◆ TO DO
In the data below, locate each line with the word "bsub" and list it.

+-------+

(* Let $G$ be a compact Lie group with normalized Haar measure, let $\Gamma$ be any finite graph with vertex set $\{1,\ldots,k\}$ that is a subgraph of the complete graph on $k$ vertices (no loops or multiple edges), and assign to each edge $e=\{i,j\}$, $i<j$, a finite-dimensional unitary representation $\rho_e$ of $G$. Then the evaluation of the corresponding relativistic spin network with symmetry $G\times G$, $$\int_{G^k}\prod_{e=\{i,j\},\,i<j}\chi_{\rho_e}(g_i g_j^{-1})\,dg_1\cdots dg_k,$$ is a non-negative real number. In particular, this holds for the relativistic (Barrett–Crane) spin networks with symmetry group $\mathrm{Spin}(4)\cong SU(2)\times SU(2)$ (or $SO(4)$) on any such graph.
   Context: $\chi_\rho(g)=\mathrm{tr}\,\rho(g)$. A relativistic spin network with symmetry $G\times G$ is a graph whose edges are labeled by representations of $G\times G$ of the form $V\otimes V^\ast$ ($V$ a representation of $G$) and whose vertices are labeled by the intertwiner given by a single integration over $G$ (the integral presentation of the Barrett–Crane intertwiner, $\int_G \bigotimes_{e\ni v}\rho_e(g)\,dg$ with the edge factors $V_e$, resp. $V_e^\ast$, at the two ends of the edge); with these conventions, contracting the intertwiners along the edges yields exactly the integral displayed in the claim, where $\rho_e$ is the representation $V$ labeling edge $e$. For $G=SU(2)$, the balanced representations $V\otimes V$ of $\mathrm{Spin}(4)$ are isomorphic to $V\otimes V^\ast$. *)

theory Defs
  imports "HOL-Analysis.Analysis" "HOL-Probability.Probability" "HOL-Algebra.Group"
    "Jordan_Normal_Form.Schur_Decomposition"
begin

definition topological_group :: "('g, 'b) monoid_scheme \<Rightarrow> 'g topology \<Rightarrow> bool" where
  "topological_group G T \<longleftrightarrow>
     group G \<and> topspace T = carrier G \<and> Hausdorff_space T \<and>
     continuous_map (prod_topology T T) T (\<lambda>p. fst p \<otimes>\<^bsub>G\<^esub> snd p) \<and>
     continuous_map T T (\<lambda>x. inv\<^bsub>G\<^esub> x)"

definition compact_group :: "('g, 'b) monoid_scheme \<Rightarrow> 'g topology \<Rightarrow> bool" where
  "compact_group G T \<longleftrightarrow> topological_group G T \<and> compact_space T"

definition unitary_rep ::
  "('g, 'b) monoid_scheme \<Rightarrow> 'g topology \<Rightarrow> nat \<Rightarrow> ('g \<Rightarrow> complex mat) \<Rightarrow> bool" where
  "unitary_rep G T d \<rho> \<longleftrightarrow>
     (\<forall>g\<in>carrier G. \<rho> g \<in> carrier_mat d d \<and> mat_adjoint (\<rho> g) * \<rho> g = 1\<^sub>m d) \<and>
     (\<forall>g\<in>carrier G. \<forall>h\<in>carrier G. \<rho> (g \<otimes>\<^bsub>G\<^esub> h) = \<rho> g * \<rho> h) \<and>
     (\<forall>i<d. \<forall>j<d. continuous_map T euclidean (\<lambda>g. \<rho> g $$ (i, j)))"

text \<open>Compact Lie group: a compact group admitting a faithful continuous finite-dimensional
  unitary representation (equivalently, isomorphic as a topological group to a closed
  subgroup of some U(n)).\<close>
definition compact_lie_group :: "('g, 'b) monoid_scheme \<Rightarrow> 'g topology \<Rightarrow> bool" where
  "compact_lie_group G T \<longleftrightarrow>
     compact_group G T \<and> (\<exists>n \<rho>. unitary_rep G T n \<rho> \<and> inj_on \<rho> (carrier G))"

definition normalized_haar :: "('g, 'b) monoid_scheme \<Rightarrow> 'g topology \<Rightarrow> 'g measure \<Rightarrow> bool" where
  "normalized_haar G T M \<longleftrightarrow>
     prob_space M \<and> space M = carrier G \<and>
     sets M = sigma_sets (carrier G) {U. openin T U} \<and>
     (\<forall>g\<in>carrier G. \<forall>A\<in>sets M.
        emeasure M ((\<lambda>x. g \<otimes>\<^bsub>G\<^esub> x) ` A) = emeasure M A)"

+-------+

◆ THE COMPLETED TASK
     continuous_map (prod_topology T T) T (\<lambda>p. fst p \<otimes>\<^bsub>G\<^esub> snd p) \<and>
     continuous_map T T (\<lambda>x. inv\<^bsub>G\<^esub> x)"
     (\<forall>g\<in>carrier G. \<forall>h\<in>carrier G. \<rho> (g \<otimes>\<^bsub>G\<^esub> h) = \<rho> g * \<rho> h) \<and>
        emeasure M ((\<lambda>x. g \<otimes>\<^bsub>G\<^esub> x) ` A) = emeasure M A)"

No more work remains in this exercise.